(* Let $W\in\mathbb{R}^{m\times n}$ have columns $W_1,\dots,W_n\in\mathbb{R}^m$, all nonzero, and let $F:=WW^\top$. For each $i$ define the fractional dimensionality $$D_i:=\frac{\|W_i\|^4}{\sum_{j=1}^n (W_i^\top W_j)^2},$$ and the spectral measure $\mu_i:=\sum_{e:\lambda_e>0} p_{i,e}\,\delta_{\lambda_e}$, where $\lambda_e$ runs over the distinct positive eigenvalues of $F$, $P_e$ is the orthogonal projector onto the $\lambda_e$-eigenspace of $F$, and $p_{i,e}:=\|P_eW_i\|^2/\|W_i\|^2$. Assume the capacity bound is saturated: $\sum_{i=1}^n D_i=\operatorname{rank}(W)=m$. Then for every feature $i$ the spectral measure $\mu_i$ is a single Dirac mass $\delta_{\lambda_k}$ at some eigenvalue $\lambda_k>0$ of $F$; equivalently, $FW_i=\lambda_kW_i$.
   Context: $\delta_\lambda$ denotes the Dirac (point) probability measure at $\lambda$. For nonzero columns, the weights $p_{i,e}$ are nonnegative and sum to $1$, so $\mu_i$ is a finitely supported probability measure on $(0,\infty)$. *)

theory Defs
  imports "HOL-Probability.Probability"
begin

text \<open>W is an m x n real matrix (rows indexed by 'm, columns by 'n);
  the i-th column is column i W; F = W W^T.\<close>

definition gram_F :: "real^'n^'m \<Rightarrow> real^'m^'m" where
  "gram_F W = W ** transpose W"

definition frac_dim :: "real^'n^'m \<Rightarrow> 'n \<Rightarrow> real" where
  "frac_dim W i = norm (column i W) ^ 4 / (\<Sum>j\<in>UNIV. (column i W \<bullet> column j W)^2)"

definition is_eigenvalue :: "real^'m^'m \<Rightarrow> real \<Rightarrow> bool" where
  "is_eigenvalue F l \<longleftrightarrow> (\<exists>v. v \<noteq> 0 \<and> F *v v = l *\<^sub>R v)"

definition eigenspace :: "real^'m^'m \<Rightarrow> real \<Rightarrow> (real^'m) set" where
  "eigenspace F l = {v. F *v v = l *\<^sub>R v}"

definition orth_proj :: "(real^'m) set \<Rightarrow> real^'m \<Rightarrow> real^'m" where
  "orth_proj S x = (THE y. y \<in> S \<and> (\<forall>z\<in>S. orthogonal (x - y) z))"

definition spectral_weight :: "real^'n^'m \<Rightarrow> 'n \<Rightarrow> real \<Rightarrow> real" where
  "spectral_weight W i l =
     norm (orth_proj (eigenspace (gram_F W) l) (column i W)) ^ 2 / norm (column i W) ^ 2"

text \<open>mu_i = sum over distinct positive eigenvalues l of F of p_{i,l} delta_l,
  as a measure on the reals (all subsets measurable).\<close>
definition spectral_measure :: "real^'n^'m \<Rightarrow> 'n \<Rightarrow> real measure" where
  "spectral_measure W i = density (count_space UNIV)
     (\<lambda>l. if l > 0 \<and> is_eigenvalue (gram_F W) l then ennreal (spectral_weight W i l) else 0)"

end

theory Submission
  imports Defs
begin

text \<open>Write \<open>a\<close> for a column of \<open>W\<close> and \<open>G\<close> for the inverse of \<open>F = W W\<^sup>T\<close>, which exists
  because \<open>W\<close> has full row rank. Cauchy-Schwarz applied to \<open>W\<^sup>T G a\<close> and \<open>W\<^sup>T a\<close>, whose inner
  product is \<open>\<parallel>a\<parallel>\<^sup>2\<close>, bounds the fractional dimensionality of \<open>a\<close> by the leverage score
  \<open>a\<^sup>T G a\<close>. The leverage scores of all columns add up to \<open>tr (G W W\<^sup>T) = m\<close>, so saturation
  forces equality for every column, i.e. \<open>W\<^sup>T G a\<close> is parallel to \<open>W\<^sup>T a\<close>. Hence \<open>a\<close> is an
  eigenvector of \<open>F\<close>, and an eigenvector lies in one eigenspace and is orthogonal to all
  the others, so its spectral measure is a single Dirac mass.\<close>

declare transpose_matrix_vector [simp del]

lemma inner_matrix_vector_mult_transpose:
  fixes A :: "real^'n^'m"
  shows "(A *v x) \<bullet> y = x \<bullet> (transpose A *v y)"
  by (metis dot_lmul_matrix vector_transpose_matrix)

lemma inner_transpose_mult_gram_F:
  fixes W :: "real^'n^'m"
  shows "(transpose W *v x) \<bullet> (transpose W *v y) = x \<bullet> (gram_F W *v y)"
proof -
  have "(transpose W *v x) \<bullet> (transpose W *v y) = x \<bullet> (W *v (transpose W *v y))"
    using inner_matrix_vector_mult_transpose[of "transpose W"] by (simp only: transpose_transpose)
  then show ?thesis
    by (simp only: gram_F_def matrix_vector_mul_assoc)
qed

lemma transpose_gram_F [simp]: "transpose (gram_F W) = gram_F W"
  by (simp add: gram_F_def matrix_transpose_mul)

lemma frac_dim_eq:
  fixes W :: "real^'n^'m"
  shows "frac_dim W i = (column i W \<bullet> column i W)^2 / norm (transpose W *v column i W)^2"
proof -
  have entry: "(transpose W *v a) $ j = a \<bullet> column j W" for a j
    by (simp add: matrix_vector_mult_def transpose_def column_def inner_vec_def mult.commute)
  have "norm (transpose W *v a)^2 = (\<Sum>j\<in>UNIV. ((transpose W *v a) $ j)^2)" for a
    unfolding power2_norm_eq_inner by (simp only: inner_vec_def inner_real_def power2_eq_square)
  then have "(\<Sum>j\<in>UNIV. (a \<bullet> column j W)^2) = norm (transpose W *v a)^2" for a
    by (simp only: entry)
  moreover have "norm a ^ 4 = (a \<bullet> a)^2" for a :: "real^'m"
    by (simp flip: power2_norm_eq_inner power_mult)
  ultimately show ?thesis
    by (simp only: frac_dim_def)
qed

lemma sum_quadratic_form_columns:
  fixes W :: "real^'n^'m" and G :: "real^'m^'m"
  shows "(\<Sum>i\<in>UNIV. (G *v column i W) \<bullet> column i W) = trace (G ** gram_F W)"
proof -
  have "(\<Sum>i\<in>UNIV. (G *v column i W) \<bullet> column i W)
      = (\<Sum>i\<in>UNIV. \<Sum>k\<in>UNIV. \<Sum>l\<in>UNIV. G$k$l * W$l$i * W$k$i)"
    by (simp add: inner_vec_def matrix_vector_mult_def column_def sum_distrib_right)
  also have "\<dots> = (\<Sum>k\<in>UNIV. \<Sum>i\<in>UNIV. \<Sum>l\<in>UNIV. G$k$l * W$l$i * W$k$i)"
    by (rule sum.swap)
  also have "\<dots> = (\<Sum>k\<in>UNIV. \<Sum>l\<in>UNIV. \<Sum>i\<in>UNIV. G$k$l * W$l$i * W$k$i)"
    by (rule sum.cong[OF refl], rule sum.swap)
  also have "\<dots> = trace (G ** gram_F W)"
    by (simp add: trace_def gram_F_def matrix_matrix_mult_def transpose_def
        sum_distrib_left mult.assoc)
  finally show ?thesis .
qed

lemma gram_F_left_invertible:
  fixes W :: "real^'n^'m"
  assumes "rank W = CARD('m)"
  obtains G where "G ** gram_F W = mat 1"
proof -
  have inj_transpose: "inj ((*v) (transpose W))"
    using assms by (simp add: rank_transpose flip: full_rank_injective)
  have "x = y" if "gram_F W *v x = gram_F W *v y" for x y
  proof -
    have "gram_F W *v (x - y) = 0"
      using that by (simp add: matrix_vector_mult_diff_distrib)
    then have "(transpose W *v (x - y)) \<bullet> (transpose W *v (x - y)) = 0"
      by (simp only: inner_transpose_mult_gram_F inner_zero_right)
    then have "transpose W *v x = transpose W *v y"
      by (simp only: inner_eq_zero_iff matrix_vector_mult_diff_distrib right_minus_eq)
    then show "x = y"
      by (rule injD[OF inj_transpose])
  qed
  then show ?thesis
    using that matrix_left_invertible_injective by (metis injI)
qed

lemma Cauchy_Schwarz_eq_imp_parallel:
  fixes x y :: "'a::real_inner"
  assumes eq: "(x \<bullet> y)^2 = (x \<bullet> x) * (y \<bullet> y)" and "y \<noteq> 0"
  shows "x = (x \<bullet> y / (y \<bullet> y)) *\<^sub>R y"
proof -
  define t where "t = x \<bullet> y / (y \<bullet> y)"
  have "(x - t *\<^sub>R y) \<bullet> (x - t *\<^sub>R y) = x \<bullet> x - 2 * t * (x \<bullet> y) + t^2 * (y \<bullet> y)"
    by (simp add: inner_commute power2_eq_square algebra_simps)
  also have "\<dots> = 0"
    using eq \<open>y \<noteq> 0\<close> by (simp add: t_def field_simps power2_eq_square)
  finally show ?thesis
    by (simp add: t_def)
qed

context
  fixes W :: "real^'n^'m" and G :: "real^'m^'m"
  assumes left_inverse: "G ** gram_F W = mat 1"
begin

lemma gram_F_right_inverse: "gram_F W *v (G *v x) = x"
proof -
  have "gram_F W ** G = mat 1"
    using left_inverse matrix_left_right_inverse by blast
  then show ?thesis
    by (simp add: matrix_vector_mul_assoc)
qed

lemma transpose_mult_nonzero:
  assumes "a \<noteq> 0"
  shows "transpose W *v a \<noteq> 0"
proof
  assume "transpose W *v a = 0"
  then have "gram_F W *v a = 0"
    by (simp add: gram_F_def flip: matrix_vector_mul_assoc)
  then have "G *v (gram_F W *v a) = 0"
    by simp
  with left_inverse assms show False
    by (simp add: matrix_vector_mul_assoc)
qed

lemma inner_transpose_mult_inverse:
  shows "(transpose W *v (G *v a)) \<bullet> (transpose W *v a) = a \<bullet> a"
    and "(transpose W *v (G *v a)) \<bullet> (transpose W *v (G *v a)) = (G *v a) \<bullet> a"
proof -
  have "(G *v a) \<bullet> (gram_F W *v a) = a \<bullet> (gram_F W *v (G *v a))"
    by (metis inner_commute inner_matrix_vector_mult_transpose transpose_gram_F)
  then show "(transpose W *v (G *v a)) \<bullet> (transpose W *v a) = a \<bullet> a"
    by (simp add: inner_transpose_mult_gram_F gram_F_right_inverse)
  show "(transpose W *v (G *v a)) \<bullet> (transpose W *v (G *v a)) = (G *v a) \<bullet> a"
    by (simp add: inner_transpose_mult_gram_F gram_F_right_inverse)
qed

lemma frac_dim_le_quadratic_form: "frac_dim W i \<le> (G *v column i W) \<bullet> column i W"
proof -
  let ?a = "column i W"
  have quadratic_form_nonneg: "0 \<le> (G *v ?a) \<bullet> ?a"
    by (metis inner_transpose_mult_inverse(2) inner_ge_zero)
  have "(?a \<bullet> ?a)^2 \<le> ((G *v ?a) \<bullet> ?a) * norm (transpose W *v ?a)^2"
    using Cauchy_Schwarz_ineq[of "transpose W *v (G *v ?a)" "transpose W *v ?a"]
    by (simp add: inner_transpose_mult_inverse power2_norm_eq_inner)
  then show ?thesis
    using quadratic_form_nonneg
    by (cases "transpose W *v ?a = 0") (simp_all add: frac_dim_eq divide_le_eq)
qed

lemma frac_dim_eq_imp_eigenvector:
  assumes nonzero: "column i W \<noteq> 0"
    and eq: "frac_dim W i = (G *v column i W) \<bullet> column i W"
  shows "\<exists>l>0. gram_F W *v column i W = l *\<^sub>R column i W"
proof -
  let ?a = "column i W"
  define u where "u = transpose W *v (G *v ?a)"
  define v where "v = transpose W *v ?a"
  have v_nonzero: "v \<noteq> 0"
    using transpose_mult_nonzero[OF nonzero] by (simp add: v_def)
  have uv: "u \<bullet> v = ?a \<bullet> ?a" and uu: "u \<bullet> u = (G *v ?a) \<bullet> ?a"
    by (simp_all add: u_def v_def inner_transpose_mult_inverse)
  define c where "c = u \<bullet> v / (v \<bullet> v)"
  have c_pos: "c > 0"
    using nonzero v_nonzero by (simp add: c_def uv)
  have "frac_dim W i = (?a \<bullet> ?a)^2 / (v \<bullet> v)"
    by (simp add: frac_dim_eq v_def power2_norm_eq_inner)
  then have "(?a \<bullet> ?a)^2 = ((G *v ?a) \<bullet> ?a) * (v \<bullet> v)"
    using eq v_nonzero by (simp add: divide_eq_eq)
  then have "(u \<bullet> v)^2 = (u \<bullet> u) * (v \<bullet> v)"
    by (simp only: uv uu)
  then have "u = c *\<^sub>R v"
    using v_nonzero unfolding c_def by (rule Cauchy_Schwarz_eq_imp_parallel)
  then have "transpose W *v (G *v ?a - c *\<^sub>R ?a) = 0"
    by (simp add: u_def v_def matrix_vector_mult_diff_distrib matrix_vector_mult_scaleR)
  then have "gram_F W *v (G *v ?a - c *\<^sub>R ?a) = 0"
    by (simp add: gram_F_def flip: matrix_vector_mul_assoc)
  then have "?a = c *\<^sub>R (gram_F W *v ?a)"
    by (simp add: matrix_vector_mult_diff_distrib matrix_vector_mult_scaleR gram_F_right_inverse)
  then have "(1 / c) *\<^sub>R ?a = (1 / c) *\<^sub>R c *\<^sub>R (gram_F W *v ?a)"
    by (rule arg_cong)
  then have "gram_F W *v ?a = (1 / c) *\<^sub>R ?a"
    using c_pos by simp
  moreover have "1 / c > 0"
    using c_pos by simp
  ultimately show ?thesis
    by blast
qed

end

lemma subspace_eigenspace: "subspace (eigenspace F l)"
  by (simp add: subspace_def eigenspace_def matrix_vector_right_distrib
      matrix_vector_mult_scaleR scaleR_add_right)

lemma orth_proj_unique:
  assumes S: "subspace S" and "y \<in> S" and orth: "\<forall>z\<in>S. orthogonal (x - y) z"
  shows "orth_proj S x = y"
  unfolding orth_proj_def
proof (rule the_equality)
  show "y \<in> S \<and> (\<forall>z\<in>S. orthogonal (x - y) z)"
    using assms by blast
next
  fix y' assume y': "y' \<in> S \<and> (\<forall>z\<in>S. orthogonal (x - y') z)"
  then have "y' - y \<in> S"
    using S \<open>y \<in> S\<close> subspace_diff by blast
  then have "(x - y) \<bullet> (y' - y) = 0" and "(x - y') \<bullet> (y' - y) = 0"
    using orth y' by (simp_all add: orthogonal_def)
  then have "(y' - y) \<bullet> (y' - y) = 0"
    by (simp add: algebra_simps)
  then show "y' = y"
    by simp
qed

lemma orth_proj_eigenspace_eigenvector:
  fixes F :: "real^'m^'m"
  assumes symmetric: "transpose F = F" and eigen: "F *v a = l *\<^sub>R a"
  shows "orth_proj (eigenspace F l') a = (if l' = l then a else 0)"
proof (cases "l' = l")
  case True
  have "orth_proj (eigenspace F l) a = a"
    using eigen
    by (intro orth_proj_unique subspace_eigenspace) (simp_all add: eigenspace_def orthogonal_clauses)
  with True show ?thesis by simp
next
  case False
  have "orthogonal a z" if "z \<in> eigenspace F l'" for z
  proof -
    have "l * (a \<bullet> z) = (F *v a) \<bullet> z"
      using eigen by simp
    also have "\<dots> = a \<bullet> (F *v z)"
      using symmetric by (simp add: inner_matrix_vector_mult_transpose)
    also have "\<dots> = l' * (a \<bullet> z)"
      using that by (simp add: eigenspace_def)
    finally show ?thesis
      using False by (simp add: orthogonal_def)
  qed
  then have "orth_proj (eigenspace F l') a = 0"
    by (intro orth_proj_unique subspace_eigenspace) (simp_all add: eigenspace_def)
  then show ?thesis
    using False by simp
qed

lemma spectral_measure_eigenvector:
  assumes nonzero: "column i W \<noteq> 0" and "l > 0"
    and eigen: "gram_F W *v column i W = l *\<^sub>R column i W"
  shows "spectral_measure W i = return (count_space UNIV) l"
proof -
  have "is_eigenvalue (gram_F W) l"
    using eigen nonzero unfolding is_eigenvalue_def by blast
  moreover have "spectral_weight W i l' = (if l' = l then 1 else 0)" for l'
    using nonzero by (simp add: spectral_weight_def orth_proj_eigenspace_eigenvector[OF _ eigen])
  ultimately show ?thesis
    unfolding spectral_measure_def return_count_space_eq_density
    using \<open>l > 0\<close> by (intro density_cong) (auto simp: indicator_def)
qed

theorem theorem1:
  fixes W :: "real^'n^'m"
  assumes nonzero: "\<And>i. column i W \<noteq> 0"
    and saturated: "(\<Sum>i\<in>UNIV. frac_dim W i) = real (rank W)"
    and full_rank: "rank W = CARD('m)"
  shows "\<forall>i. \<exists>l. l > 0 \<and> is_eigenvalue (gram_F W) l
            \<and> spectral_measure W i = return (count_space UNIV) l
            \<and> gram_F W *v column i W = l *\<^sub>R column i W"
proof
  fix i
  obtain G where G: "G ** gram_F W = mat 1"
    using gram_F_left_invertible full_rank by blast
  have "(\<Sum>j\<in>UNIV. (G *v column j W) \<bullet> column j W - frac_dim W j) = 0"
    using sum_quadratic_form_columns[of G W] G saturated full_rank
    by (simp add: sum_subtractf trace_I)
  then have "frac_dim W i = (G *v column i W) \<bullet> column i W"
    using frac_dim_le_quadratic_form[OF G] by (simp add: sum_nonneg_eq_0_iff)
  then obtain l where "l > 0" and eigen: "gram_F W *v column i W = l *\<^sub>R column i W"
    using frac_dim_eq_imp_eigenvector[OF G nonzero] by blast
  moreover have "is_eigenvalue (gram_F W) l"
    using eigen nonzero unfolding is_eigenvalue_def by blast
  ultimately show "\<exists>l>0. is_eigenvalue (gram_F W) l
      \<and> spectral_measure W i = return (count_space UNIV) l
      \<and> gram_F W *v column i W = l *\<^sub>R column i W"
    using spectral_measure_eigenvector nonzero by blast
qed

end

----------------------------------------

• **Work item**: Would you print exactly and only the lines of the material above that run from the line with "proof (rule the_equality)" through the line with "(F *v a) \<bullet>", both included?

• **Answer to this exercise**:
proof (rule the_equality)
  show "y \<in> S \<and> (\<forall>z\<in>S. orthogonal (x - y) z)"
    using assms by blast
next
  fix y' assume y': "y' \<in> S \<and> (\<forall>z\<in>S. orthogonal (x - y') z)"
  then have "y' - y \<in> S"
    using S \<open>y \<in> S\<close> subspace_diff by blast
  then have "(x - y) \<bullet> (y' - y) = 0" and "(x - y') \<bullet> (y' - y) = 0"
    using orth y' by (simp_all add: orthogonal_def)
  then have "(y' - y) \<bullet> (y' - y) = 0"
    by (simp add: algebra_simps)
  then show "y' = y"
    by simp
qed

lemma orth_proj_eigenspace_eigenvector:
  fixes F :: "real^'m^'m"
  assumes symmetric: "transpose F = F" and eigen: "F *v a = l *\<^sub>R a"
  shows "orth_proj (eigenspace F l') a = (if l' = l then a else 0)"
proof (cases "l' = l")
  case True
  have "orth_proj (eigenspace F l) a = a"
    using eigen
    by (intro orth_proj_unique subspace_eigenspace) (simp_all add: eigenspace_def orthogonal_clauses)
  with True show ?thesis by simp
next
  case False
  have "orthogonal a z" if "z \<in> eigenspace F l'" for z
  proof -
    have "l * (a \<bullet> z) = (F *v a) \<bullet> z"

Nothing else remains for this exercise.